Alice knew they might quarrel about it, so she waited until Tansy made her supper before she broached it.  They were listening to jazz records and killing a bottle of moonshine on the back porch when she said it plain.  “I can’t have you in that lawyer’s house. You’re too embarrassing.”

“Oh, hang you.”

“Always picking things up and wondering how much they cost.  You ain’t got no pride, Tans, no pride at all.  You think he’d have offered me that job if I was always mooning over him out at the pub? Batting my eyelashes like an ignorant Smoot, saying I bet his sports car rides smooth?”

Tansy blinked at her sister, then got up to change the record.  Leaning on the side of the house to take the pressure off her longer leg, she rifled through the box of albums.  “What the hell are you on about, Al?”

“I’m just saying that man gave me the keys to his house because he knows I don’t give a rat’s ass about all that fancy old furniture.  You walking through there today, picking stuff up and saying things like, ‘Oh, I bet that’s from England.’ No, ma’am. I don’t need that around me, making me nervous.  Besides, you’re supposed to play it cool.”

Tansy rolled her eyes, dropped the needle.

“Who cares?” she asked the porch ceiling.  The chipped boards were silent. “The problem with you, Al, is you care too much about folks.  Whether they think you care, that’s what you’re always going on about.  ‘Don’t make so much noise about how much the cabbage costs, Tans! You want them to think we can’t afford it?’  Stuff like that.  Who cares?”

Alice got so mad she almost threw her drink in Tansy’s face.  Instead, she clamped her jaw closed for a moment, mulling over revenge.  At last she let out a little laugh, delighted with herself over the tack she’d chosen.  “Well, maybe you care some, too.  I see you putting on lipstick before the iceman comes.”

Tansy just threw her face heavenward and hissed out a good laugh.  She was hard to figure, the crooked thing, her hide thicker than her skull.  Alice ought to have known better.  When she recovered, Tansy gave her sister a leering glance, said, “Well, what you think, Alice? Ain’t you seen the arms on that man?”

Alice cast her eyes out over the yard, tempted to spit her booze on Tansy’s begonias.  Instead, she swallowed the lightning and burned on its fumes for a silent minute.  Her sister was laughing again.

Tansy caught her breath, picked up the topic again.

“The way that man walks, manly like, you know he’s in charge of his woman.”

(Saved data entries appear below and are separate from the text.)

(*
  Write x = s \<circ> i with s \<in> S and i \<in> I. In the unitisation of N the brace map
  sigma_x(y) = x \<bullet> y - x is the sandwich y |-> (1 + s) y (1 + i), and its inverse is the
  sandwich by the adjoint inverses of s and i. As g y commutes with I, all these maps send
  the twist k(y) = y (1 + g y) to sigma(y) (1 + g y). Moving x by an element of the ideal J changes only the
  I-part of its factorization, and only by an element of J; so the inverse of sigma_x changes
  only modulo J, which g does not see. With these facts both sides of the reflection equation
  at (x, y) evaluate to (x (1 + g b), w (1 + g w)) for the same b and w. Finally
  k (k x) = x (1 + g x)^2 = x because g x \<circ> g x = 0.
*)

lemma subring_zero: "is_subring S \<Longrightarrow> 0 \<in> S"
  and subring_add: "is_subring S \<Longrightarrow> x \<in> S \<Longrightarrow> y \<in> S \<Longrightarrow> x + y \<in> S"
  and subring_mult: "is_subring S \<Longrightarrow> x \<in> S \<Longrightarrow> y \<in> S \<Longrightarrow> x * y \<in> S"
  and subring_uminus: "is_subring S \<Longrightarrow> x \<in> S \<Longrightarrow> - x \<in> S"
  by (simp_all add: is_subring_def)

lemma subring_diff: "is_subring S \<Longrightarrow> x \<in> S \<Longrightarrow> y \<in> S \<Longrightarrow> x - y \<in> S"
  using subring_add subring_uminus by (metis diff_conv_add_uminus)

lemma ideal_zero: "is_ideal I \<Longrightarrow> 0 \<in> I"
  and ideal_add: "is_ideal I \<Longrightarrow> x \<in> I \<Longrightarrow> y \<in> I \<Longrightarrow> x + y \<in> I"
  and ideal_uminus: "is_ideal I \<Longrightarrow> x \<in> I \<Longrightarrow> - x \<in> I"
  and ideal_mult_left: "is_ideal I \<Longrightarrow> x \<in> I \<Longrightarrow> z * x \<in> I"
  and ideal_mult_right: "is_ideal I \<Longrightarrow> x \<in> I \<Longrightarrow> x * z \<in> I"
  by (simp_all add: is_ideal_def)

lemma ideal_diff: "is_ideal I \<Longrightarrow> x \<in> I \<Longrightarrow> y \<in> I \<Longrightarrow> x - y \<in> I"
  using ideal_add ideal_uminus by (metis diff_conv_add_uminus)

lemma adj_assoc: "adj (adj x y) z = adj x (adj y z)"
  for x y z :: "'a::ring"
  by (simp add: adj_def algebra_simps)

lemma adj_0_left [simp]: "adj 0 x = x"
  and adj_0_right [simp]: "adj x 0 = x"
  for x :: "'a::ring"
  by (simp_all add: adj_def)

lemma adj_inverse_unique: "adj y x = 0 \<Longrightarrow> adj x z = 0 \<Longrightarrow> y = z"
  for x y z :: "'a::ring"
  by (metis adj_0_left adj_0_right adj_assoc)

(* sandwich a b w is the product (1 + a) w (1 + b) in the unitisation of the ring. *)
definition sandwich :: "'a::ring \<Rightarrow> 'a \<Rightarrow> 'a \<Rightarrow> 'a" where
  "sandwich a b w = w + a * w + w * b + a * w * b"

lemma sandwich_sandwich: "sandwich a b (sandwich a' b' w) = sandwich (adj a a') (adj b' b) w"
  by (simp add: sandwich_def adj_def algebra_simps)

lemma sandwich_0_0 [simp]: "sandwich 0 0 w = w"
  by (simp add: sandwich_def)

lemma sandwich_right_mult:
  assumes "b * g = g * b"
  shows "sandwich a b (w + w * g) = sandwich a b w + sandwich a b w * g"
proof -
  have "w * (g * b) = w * (b * g)" "a * (w * (g * b)) = a * (w * (b * g))"
    using assms by simp_all
  then show ?thesis by (simp add: sandwich_def algebra_simps)
qed
lemma orth_sum_square_polar_surj:
  assumes b: "(2 * b) dvd 1" and f: "linear_form (Suc n) f"
  shows "\<exists>x\<in>vecs (Suc n). \<forall>y\<in>vecs (Suc n). polar (orth_sum_square n q b) x y = f y"
proof -
  let ?e = "unit_vec n :: nat \<Rightarrow> 'a"
  obtain d where d: "d * (2 * b) = 1"
    using b by (rule unit_inverseE)
  obtain x0 where x0: "x0 \<in> vecs n" "\<forall>y\<in>vecs n. B x0 y = f y"
    using polar_surj linear_form_mono [OF f, of n] by auto
  define x where "x = x0 + scale (d * f ?e) ?e"
  have "x \<in> vecs (Suc n)"
    using x0 by (simp add: x_def vecs_SucI)
  moreover have "polar (orth_sum_square n q b) x y = f y" if y: "y \<in> vecs (Suc n)" for y
  proof -
    have "vec_take n x = x0" "x n = d * f ?e"
      using x0 by (simp_all add: x_def vec_take_add vec_take_scale vec_take_unit_vec vec_take_id
          vecs_def unit_vec_def)
    moreover have "B x0 (vec_take n y) = f (vec_take n y)"
      using x0(2) by simp
    ultimately have "polar (orth_sum_square n q b) x y = f (vec_take n y) + (d * (2 * b)) * (y n * f ?e)"
      by (simp add: polar_orth_sum_square mult_ac)
    also have "\<dots> = f (vec_take n y + scale (y n) ?e)"
      using d f by (simp add: linear_form_add linear_form_scale vecs_SucI)
    also have "\<dots> = f y"
      using vec_take_decompose [OF y] by metis
    finally show ?thesis .
  qed
  ultimately show ?thesis by blast
qed

lemma nonsingular_orth_sum_square:
  assumes "(2 * b) dvd 1"
  shows "nonsingular_quadratic_form (Suc n) (orth_sum_square n q b)"
proof unfold_locales
  show "quadratic_module (Suc n) (orth_sum_square n q b)"
    by (rule quadratic_module_orth_sum_square [OF quadratic_module])
  show "\<forall>x\<in>vecs (Suc n). \<forall>x'\<in>vecs (Suc n). (\<forall>y\<in>vecs (Suc n).
      polar (orth_sum_square n q b) x y = polar (orth_sum_square n q b) x' y) \<longrightarrow> x = x'"
    using orth_sum_square_polar_inj [OF assms] by blast
  show "\<forall>f. linear_form (Suc n) f \<longrightarrow>
      (\<exists>x\<in>vecs (Suc n). \<forall>y\<in>vecs (Suc n). polar (orth_sum_square n q b) x y = f y)"
    using orth_sum_square_polar_surj [OF assms] by blast
qed

end

section \<open>Orthogonal complement of a vector with unit value\<close>

definition vec_insert :: "nat \<Rightarrow> (nat \<Rightarrow> 'a::comm_ring_1) \<Rightarrow> nat \<Rightarrow> 'a" where
  "vec_insert j y k = (if k < j then y k else if k = j then 0 else y (k - 1))"

definition vec_delete :: "nat \<Rightarrow> (nat \<Rightarrow> 'a::comm_ring_1) \<Rightarrow> nat \<Rightarrow> 'a" where
  "vec_delete j w k = (if k < j then w k else w (Suc k))"

lemma vec_insert_in_vecs: "j \<le> m \<Longrightarrow> y \<in> vecs m \<Longrightarrow> vec_insert j y \<in> vecs (Suc m)"
  by (simp add: vecs_def vec_insert_def)

lemma vec_delete_in_vecs: "j \<le> m \<Longrightarrow> w \<in> vecs (Suc m) \<Longrightarrow> vec_delete j w \<in> vecs m"
  by (simp add: vecs_def vec_delete_def)

lemma vec_insert_add: "vec_insert j (x + y) = vec_insert j x + vec_insert j y"
  by (rule ext) (simp add: vec_insert_def)

lemma vec_insert_scale: "vec_insert j (scale a x) = scale a (vec_insert j x)"
  by (rule ext) (simp add: vec_insert_def)

lemma vec_delete_diff: "vec_delete j (x - y) = vec_delete j x - vec_delete j y"
  by (rule ext) (simp add: vec_delete_def)

lemma vec_delete_scale: "vec_delete j (scale a x) = scale a (vec_delete j x)"
  by (rule ext) (simp add: vec_delete_def)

“Tries to be, more like,” Alice said. “He’s not that manly.  You seen that wife of his?  Sickly little thing with a flat ass. Looks like the runt of the litter. But she’s got them big sad eyes, too.  I bet she’s got your man all trussed up; gives him those weepy cow eyes whenever he steps out of line.”

That made Tansy laugh some more.  “Well, you’re probably right, Al.  Still, I could look at that man all day long.”

Alice shook her head.  It crossed her mind to say, plain honest, that Tansy ought to throw out the lipstick and save herself the trouble.  She knew they weren’t the beauty queen types, but not Tansy.  Even when they overheard comments – and they’d overheard plenty  – Tansy shrugged them off.  It was like she was blind to her own faults.  Times aplenty Alice wanted to make her sister see things straight.  She always bit her tongue in the end.  Maybe they were all broken, herself and the whole world, too.  Maybe being handsome was something to do with being simple and happy with yourself.  Besides, as much as Tansy deserved it now and then, Alice would never side with the rest of them by holding up a mirror and trying to make her sister crack it.